I do a quick experiment to investigate how DroPE (Dropping Positional Embeddings) models differ from standard RoPE models in their use of "massive values" (that is, concentrated large activations in Query and Key tensors) that prior work identifies as important for contextual understanding. I did this in my personal time, for fun.
Two main findings:
DroPE reduces massive value concentration significantly in Query tensors compared to RoPE.
RoPE relies way more on massive values than DroPE, and disrupting them breaks RoPE but only degrades DroPE.
These findings suggest that, during recalibration, DroPE learns alternative attention mechanisms that don't depend on concentrated features.
Background
What Are Massive Values?
Massive values are unusually large activations in the Query (Q) and Key (K) tensors of transformer attention layers. They were identified by Jin et al. (2025) to have the pattern of:
Being concentrated in low-frequency RoPE dimensions
Being present in Q and K but notably absent in V
Being critical for contextual knowledge understanding tasks (passkey retrieval, sentiment analysis, mathematical reasoning) but not for parametric knowledge retrieval (factual recall)
Jin et al. provide a mechanistic explanation rooted in RoPE's frequency structure. RoPE divides the head dimension into pairs, each rotating at a frequency θj=10000(−2j/d). High-frequency components (small j) change rapidly with position, encoding fine-grained positional information. Low-frequency components (large j) change slowly, and Jin et al. argue these dimensions primarily encode semantic content rather than position. They find that when they disrupt these massive values, this devastates contextual understanding tasks while parametric knowledge tasks show only a little bit of degradation.
What Is DroPE?
DroPE (Gelberg et al., 2025) is a method that removes Rotary Position Embeddings (RoPE) from pretrained models and recalibrates them, which has the effect of zero-shot extending context length.
The claim here is like: RoPE scaling methods (PI, YaRN, NTK) attempt to extend context by compressing rotation frequencies. But low-frequency RoPE components never complete a full rotation during training (ϕm(Ctrain)<2π for small ωₘ). At extended lengths, these phases become out-of-distribution, so any scaling method must compress low frequencies by factor 1/s to keep phases in range. But this compression shifts attention weights at long distances, where semantic matching matters a lot.
These papers make seemingly incompatible claims.
Jin et al. claim that RoPE -> massive values -> essential for contextual understanding Gelberg et al. claim that remove RoPE -> better context extension with preserved capabilities
If massive values are caused by RoPE and critical for understanding, how does DroPE maintain performance?

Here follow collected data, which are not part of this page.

lemma perm_act_Mmap_entry:
  assumes "g permutes UNIV"
  shows "perm_act g (Mmap H e (perm_act (inv g) X)) $ i $ k
    = (if g (e (out_a H)) = i \<and> g (e (out_b H)) = k then monomial (edge_image (g \<circ> e) H) X else 0)"
  using assms
  by (auto simp: perm_act_def Mmap_def monomial_def edge_image_def permutes_inv_eq permutes_inv_inv
      multiset.map_comp o_def case_prod_unfold)

lemma finite_injections:
  assumes "finite V"
  shows "finite {j \<in> V \<rightarrow>\<^sub>E (UNIV :: 'n::finite set). inj_on j V}"
proof -
  have "finite (V \<rightarrow>\<^sub>E (UNIV :: 'n set))"
    using assms by (simp add: finite_PiE)
  then show ?thesis
    by (rule finite_subset[rotated]) blast
qed

lemma sum_permutations_restrict_comp:
  fixes e :: "'a \<Rightarrow> 'n::finite" and h :: "('a \<Rightarrow> 'n) \<Rightarrow> real"
  assumes "finite V" and e: "inj_on e V"
  shows "(\<Sum>g\<in>{g. g permutes (UNIV :: 'n set)}. h (restrict (g \<circ> e) V))
    = fact (CARD('n) - card V) * (\<Sum>j\<in>{j \<in> V \<rightarrow>\<^sub>E UNIV. inj_on j V}. h j)"
proof -
  let ?P = "{g. g permutes (UNIV :: 'n set)}" and ?I = "{j \<in> V \<rightarrow>\<^sub>E (UNIV :: 'n set). inj_on j V}"
  have fiber: "card {g \<in> ?P. restrict (g \<circ> e) V = j} = fact (CARD('n) - card V)" if j: "j \<in> ?I" for j
  proof -
    have "restrict (g \<circ> e) V = j \<longleftrightarrow> (\<forall>v\<in>V. g (e v) = j v)" for g
    proof
      assume "\<forall>v\<in>V. g (e v) = j v"
      then have "restrict (g \<circ> e) V = restrict j V"
        by (intro restrict_ext) simp
      also have "\<dots> = j"
        using j by (intro PiE_restrict) blast
      finally show "restrict (g \<circ> e) V = j" .
    qed auto
    then have "{g \<in> ?P. restrict (g \<circ> e) V = j} = {g. g permutes UNIV \<and> (\<forall>v\<in>V. g (e v) = j v)}"
      by blast
    then show ?thesis
      using card_permutations_extending[OF \<open>finite V\<close> e] j by simp
  qed
  have "(\<Sum>g\<in>?P. h (restrict (g \<circ> e) V)) = (\<Sum>j\<in>?I. \<Sum>g\<in>{g \<in> ?P. restrict (g \<circ> e) V = j}. h (restrict (g \<circ> e) V))"
  proof (rule sum.group[symmetric])
    show "finite ?P"
      by (simp add: finite_permutations)
    show "finite ?I"
      using \<open>finite V\<close> by (rule finite_injections)
    show "(\<lambda>g. restrict (g \<circ> e) V) ` ?P \<subseteq> ?I"
    proof (rule image_subsetI)
      fix g assume "g \<in> ?P"
      then have "inj_on (g \<circ> e) V"
        using e by (intro comp_inj_on) (auto intro: inj_on_subset[OF permutes_inj])
      then show "restrict (g \<circ> e) V \<in> ?I"
        by simp
    qed
  qed
  also have "\<dots> = (\<Sum>j\<in>?I. fact (CARD('n) - card V) * h j)"
  proof (rule sum.cong[OF refl])
    fix j assume "j \<in> ?I"
    have "(\<Sum>g\<in>{g \<in> ?P. restrict (g \<circ> e) V = j}. h (restrict (g \<circ> e) V))
        = (\<Sum>g\<in>{g \<in> ?P. restrict (g \<circ> e) V = j}. h j)"
      by (rule sum.cong) auto
    then show "(\<Sum>g\<in>{g \<in> ?P. restrict (g \<circ> e) V = j}. h (restrict (g \<circ> e) V))
        = fact (CARD('n) - card V) * h j"
      using fiber[OF \<open>j \<in> ?I\<close>] by simp
  qed
  finally show ?thesis
    by (simp add: sum_distrib_left)
qed

lemma Qmap_symmetrization:
  fixes X :: "real^'n::finite^'n" and e :: "nat \<Rightarrow> 'n"
  assumes wf: "wf_mgraph H" and e: "inj_on e {0..<nodes H}"
  shows "real (fact (CARD('n) - nodes H)) *\<^sub>R Qmap H X
    = (\<Sum>g\<in>{g. g permutes (UNIV :: 'n set)}. perm_act g (Mmap H e (perm_act (inv g) X)))"
proof -
  let ?V = "{0..<nodes H}" and ?P = "{g. g permutes (UNIV :: 'n set)}"
  let ?I = "{j \<in> ?V \<rightarrow>\<^sub>E (UNIV :: 'n set). inj_on j ?V}"
  have "(\<Sum>g\<in>?P. perm_act g (Mmap H e (perm_act (inv g) X))) $ i $ k
      = fact (CARD('n) - nodes H) * Qmap H X $ i $ k" for i k
  proof -
    define h where "h j = (if j (out_a H) = i \<and> j (out_b H) = k then monomial (edge_image j H) X else 0)"
      for j :: "nat \<Rightarrow> 'n"
    have "(\<Sum>g\<in>?P. perm_act g (Mmap H e (perm_act (inv g) X))) $ i $ k = (\<Sum>g\<in>?P. h (restrict (g \<circ> e) ?V))"
    proof (simp only: sum_component, rule sum.cong[OF refl])
      fix g assume "g \<in> ?P"
      moreover have "edge_image (restrict (g \<circ> e) ?V) H = edge_image (g \<circ> e) H"
        using wf by (rule edge_image_cong) simp
      ultimately show "perm_act g (Mmap H e (perm_act (inv g) X)) $ i $ k = h (restrict (g \<circ> e) ?V)"
        using wf_mgraph_out_nodes[OF wf] by (simp add: perm_act_Mmap_entry h_def)
    qed
    also have "\<dots> = fact (CARD('n) - nodes H) * (\<Sum>j\<in>?I. h j)"
      using sum_permutations_restrict_comp[of ?V e h] e by simp
    also have "(\<Sum>j\<in>?I. h j) = (\<Sum>j\<in>{j \<in> ?I. j (out_a H) = i \<and> j (out_b H) = k}. monomial (edge_image j H) X)"
      unfolding h_def by (rule sum.inter_filter[symmetric, OF finite_injections]) simp
    also have "{j \<in> ?I. j (out_a H) = i \<and> j (out_b H) = k} = embeddings H i k"
      by (auto simp: embeddings_def)
    finally show ?thesis
      by (simp add: Qmap_entry)
  qed
  then show ?thesis
    by (simp add: vec_eq_iff)
qed

theorem mainTheorem2:
  fixes d :: nat
  defines "n \<equiv> CARD('n::finite)"
  shows
   "(\<forall>H \<in> Bset n d. equivariant (Qmap H :: real^'n^'n \<Rightarrow> real^'n^'n) \<and> polymap d (Qmap H :: real^'n^'n \<Rightarrow> real^'n^'n))
    \<and> (\<forall>H \<in> Bset n d. \<forall>H' \<in> Bset n d. mgraph_iso H H' \<longrightarrow>
          (Qmap H :: real^'n^'n \<Rightarrow> real^'n^'n) = Qmap H')
    \<and> (\<forall>R. R \<subseteq> Bset n d \<and> (\<forall>H \<in> Bset n d. \<exists>!H' \<in> R. mgraph_iso H H') \<longrightarrow>
          finite R
        \<and> (\<forall>c. (\<forall>X :: real^'n^'n. (\<Sum>H \<in> R. c H *\<^sub>R Qmap H X) = 0) \<longrightarrow> (\<forall>H \<in> R. c H = 0))
        \<and> (\<forall>P :: real^'n^'n \<Rightarrow> real^'n^'n. equivariant P \<and> polymap d P \<longrightarrow>
              (\<exists>c. \<forall>X. P X = (\<Sum>H \<in> R. c H *\<^sub>R Qmap H X))))
    \<and> (\<forall>H \<in> Bset n d. \<forall>e :: nat \<Rightarrow> 'n. inj_on e {0..<nodes H} \<longrightarrow>
          (\<forall>X :: real^'n^'n. real (fact (n - nodes H)) *\<^sub>R Qmap H X
             = (\<Sum>g \<in> {g. g permutes (UNIV :: 'n set)}. perm_act g (Mmap H e (perm_act (inv g) X)))))"
  unfolding n_def
proof (intro conjI ballI allI impI)
  show "equivariant (Qmap H :: real^'n^'n \<Rightarrow> real^'n^'n)" if "H \<in> Bset CARD('n) d" for H
    using Qmap_equivariant mem_BsetD(1)[OF that] .
  show "polymap d (Qmap H :: real^'n^'n \<Rightarrow> real^'n^'n)" if "H \<in> Bset CARD('n) d" for H
    using Qmap_polymap mem_BsetD(3)[OF that] .
  show "(Qmap H :: real^'n^'n \<Rightarrow> real^'n^'n) = Qmap H'"
    if "H \<in> Bset CARD('n) d" and "mgraph_iso H H'" for H H'
    using Qmap_iso_invariant mem_BsetD(1)[OF that(1)] that(2) .
  show "real (fact (CARD('n) - nodes H)) *\<^sub>R Qmap H X
      = (\<Sum>g\<in>{g. g permutes UNIV}. perm_act g (Mmap H e (perm_act (inv g) X)))"
    if "H \<in> Bset CARD('n) d" and "inj_on e {0..<nodes H}" for H and e :: "nat \<Rightarrow> 'n" and X
    using Qmap_symmetrization mem_BsetD(1)[OF that(1)] that(2) .
  fix R assume "R \<subseteq> Bset CARD('n) d \<and> (\<forall>H\<in>Bset CARD('n) d. \<exists>!H'\<in>R. mgraph_iso H H')"
  then have R: "iso_transversal R (Bset CARD('n) d)"
    by (simp add: iso_transversal_def)
  then show "finite R"
    by (rule finite_iso_transversal)
  show "c H = 0" if "\<forall>X :: real^'n^'n. (\<Sum>H\<in>R. c H *\<^sub>R Qmap H X) = 0" and "H \<in> R" for c H
    using Qmap_transversal_independent[OF R] that by blast
  show "\<exists>c. \<forall>X. P X = (\<Sum>H\<in>R. c H *\<^sub>R Qmap H X)"
    if "equivariant P \<and> polymap d P" for P :: "real^'n^'n \<Rightarrow> real^'n^'n"
    using Qmap_transversal_spanning[OF R] that by blast
qed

So we can check a pretty neat and well-scoped research question: are massive values a cause or consequence of contextual knowledge capabilities? And the proxy test we can do cheaply here is: does DroPE, after recalibration, still have massive values?
Extract Q, K, V tensors from all 32 layers using forward hooks on projection outputs
Compute L2 norm matrix M[head, dim] for each tensor
Count positions where M > 5.0 × mean(M) (the definition for massive values)
Repeat across multiple samples and report mean plus minus std
Text samples used: 10 texts including:
Literary: Hobbit, Tale of Two Cities, Moby Dick excerpts
Technical: ML/transformer descriptions
Conversational: Dialogue snippets
Factual: Scientific descriptions
Results
Tensor
RoPE (mean ± std)
DroPE (mean ± std)
Change
Query
1475.5 ± 22.6
901.4 ± 36.0
-38.9%
Key
1496.8 ± 69.8
1331.5 ± 74.1
-11.0%
Value
174.0 ± 10.7
176.6 ± 5.7
+1.5%
Figure 1: Massive value counts for Query, Key, and Value tensors. Error bars show ±1 standard deviation across 10 text samples. DroPE shows 39% reduction in Query and 11% reduction in Key.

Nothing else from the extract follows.